For example, if I have 10 species to compare and I set --max_arity to 10, the csubst_cb_10.tsv will show if the convergence happened among all the 10 species, correct?

The csubst_cb_10.tsv file will show if there is convergence among all 10 species, but this is contingent on a couple of conditions. This outcome is expected if all 10 species are independent (with no sister pairs) and if there is a 9- or 10-way convergence that meets the thresholds for a higher-order convergence analysis (--cutoff_stat).

If I use a threshold like in one of your example: --cutoff_stat 'OCNany2spe,2.0|omegaCany2spe,5.0', does this mean that all the results in csubst_cb_k.tsv will indicate the branches under convergence?

It is important to note that not all results in csubst_cb_K.tsv will necessarily indicate branches under convergence. Only a subset of branch combinations in this file may meet the specified thresholds, and it could include non-convergent combinations as well. However, all convergence metrics are provided in the file, so you can verify each one.

Is there any associate pvalue, or something similar?

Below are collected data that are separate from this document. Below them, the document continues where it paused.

theorem proposition5:
  fixes P :: "'w measure"
    and Usp :: "'j::finite \<Rightarrow> real set"
    and U :: "'w \<Rightarrow> 'j \<Rightarrow> real"
    and Endo :: "'n::finite option \<Rightarrow> 'n option set"
    and Exo :: "'n option \<Rightarrow> 'j set"
    and G :: "'n option \<Rightarrow> ('n option \<Rightarrow> real) \<Rightarrow> ('j \<Rightarrow> real) \<Rightarrow> real"
    and V :: "'w \<Rightarrow> 'n option \<Rightarrow> real"
    and Vdo :: "real \<Rightarrow> 'w \<Rightarrow> 'n option \<Rightarrow> real"
    and Ss :: "real set"
    and h :: "('n \<Rightarrow> real) \<Rightarrow> real \<Rightarrow> real"
  assumes scm: "is_SCM P Usp U Endo Exo G"
    and A: "assumption_A Endo Exo"
    and sol: "is_solution P U G V"
    and sol_do: "\<forall>s\<in>Ss. is_solution P U (do_S G s) (Vdo s)"
    and Ss_fin: "finite Ss"
    and S_in: "\<forall>\<omega>\<in>space P. Sof V \<omega> \<in> Ss"
    and S_pos: "\<forall>s\<in>Ss. measure P {\<omega> \<in> space P. Sof V \<omega> = s} > 0"
    and h_meas: "(\<lambda>(x, s). h x s) \<in> borel_measurable (MX \<Otimes>\<^sub>M borel)"
  shows
    "(cf_fair P V Vdo Ss h \<longleftrightarrow>
        (\<forall>s\<in>Ss. \<forall>s'\<in>Ss. AE p in pi_star P V Vdo s s'. h (fst p) s = h (snd p) s'))
     \<and> (assumption_RE P U Endo Exo \<longrightarrow>
        (cf_fair P V Vdo Ss h \<longleftrightarrow>
          (\<forall>s\<in>Ss. \<forall>s'\<in>Ss. s < s' \<longrightarrow>
             (AE p in pi_star P V Vdo s s'. h (fst p) s = h (snd p) s'))))
     \<and> (\<forall>F. F_rep P U Exo V Vdo Ss F \<and> assumption_I Usp Exo Ss F \<longrightarrow>
        (cf_fair P V Vdo Ss h \<longleftrightarrow>
          (\<forall>s\<in>Ss. \<forall>s'\<in>Ss. AE x in mu P V s. h x s = h (T_star Usp Exo F s s' x) s')))
     \<and> (\<forall>F. F_rep P U Exo V Vdo Ss F \<and> assumption_I Usp Exo Ss F \<and> assumption_RE P U Endo Exo \<longrightarrow>
        (cf_fair P V Vdo Ss h \<longleftrightarrow>
          (\<forall>s\<in>Ss. \<forall>s'\<in>Ss. s < s' \<longrightarrow>
             (AE x in mu P V s. h x s = h (T_star Usp Exo F s s' x) s'))))"
proof -
  interpret cf_setting P Usp U Endo Exo G V Vdo Ss h
    using scm A sol sol_do S_pos h_meas by unfold_locales auto
  have pi_star_iff: "(\<forall>s\<in>Ss. \<forall>s'\<in>Ss. R s s' \<longrightarrow> (AE p in pi_star P V Vdo s s'. h (fst p) s = h (snd p) s'))
      \<longleftrightarrow> (\<forall>s\<in>Ss. \<forall>s'\<in>Ss. R s s' \<longrightarrow> cf_agree s s')" for R
    using AE_pi_star_iff_cf_agree by auto
  have T_star_iff: "(\<forall>s\<in>Ss. \<forall>s'\<in>Ss. R s s' \<longrightarrow> (AE x in mu P V s. h x s = h (T_star Usp Exo F s s' x) s'))
      \<longleftrightarrow> (\<forall>s\<in>Ss. \<forall>s'\<in>Ss. R s s' \<longrightarrow> cf_agree s s')"
    if "F_rep P U Exo V Vdo Ss F" "assumption_I Usp Exo Ss F" for R F
    using AE_mu_T_star_iff_cf_agree[OF that] by auto
  show ?thesis
    using cf_fair_iff_cf_agree cf_agree_all_iff_ordered pi_star_iff[of "\<lambda>_ _. True"] pi_star_iff[of "(<)"]
      T_star_iff[of _ "\<lambda>_ _. True"] T_star_iff[of _ "(<)"]
    by simp
qed

end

No, currently not supported.

francicco commented 9 months ago

Hi @kfuku52,

Thanks a lot. Now it's much more clear. Regarding the output. It looks extremely complex, with many values. Can you give me some tips on where to start? if I want to show a pattern of convergence in a paper for example, which values would be the best to report?

Thanks a lot F

kfuku52 commented 9 months ago

Yes, please check this document out. https://github.com/kfuku52/csubst/wiki/Interpreting-csubst-outputs

francicco commented 9 months ago

Hi @kfuku52

I'm assigning foreground lineages the same id: 1. To be more precise I also set as foreground the parent nodes of the teminal branches when foreground leaves are monophiletic. and executing this command:

csubst analyze \
                --alignment_file $OG.csubst.fasta \
                --rooted_tree_file $OG.csubst.tree \
                --foreground $OG.foreground.txt \
                --fg_exclude_wg no \
                --fg_stem_only no \
                --cutoff_stat 'OCNany2spe,2.0|omegaCany2spe,5.0' \
                --max_arity 10 \
                --exhaustive_until 1

Unfortunately csubst will only generate arity of 2, which is something I don't want, because I might have more than 2 internal branches that converge.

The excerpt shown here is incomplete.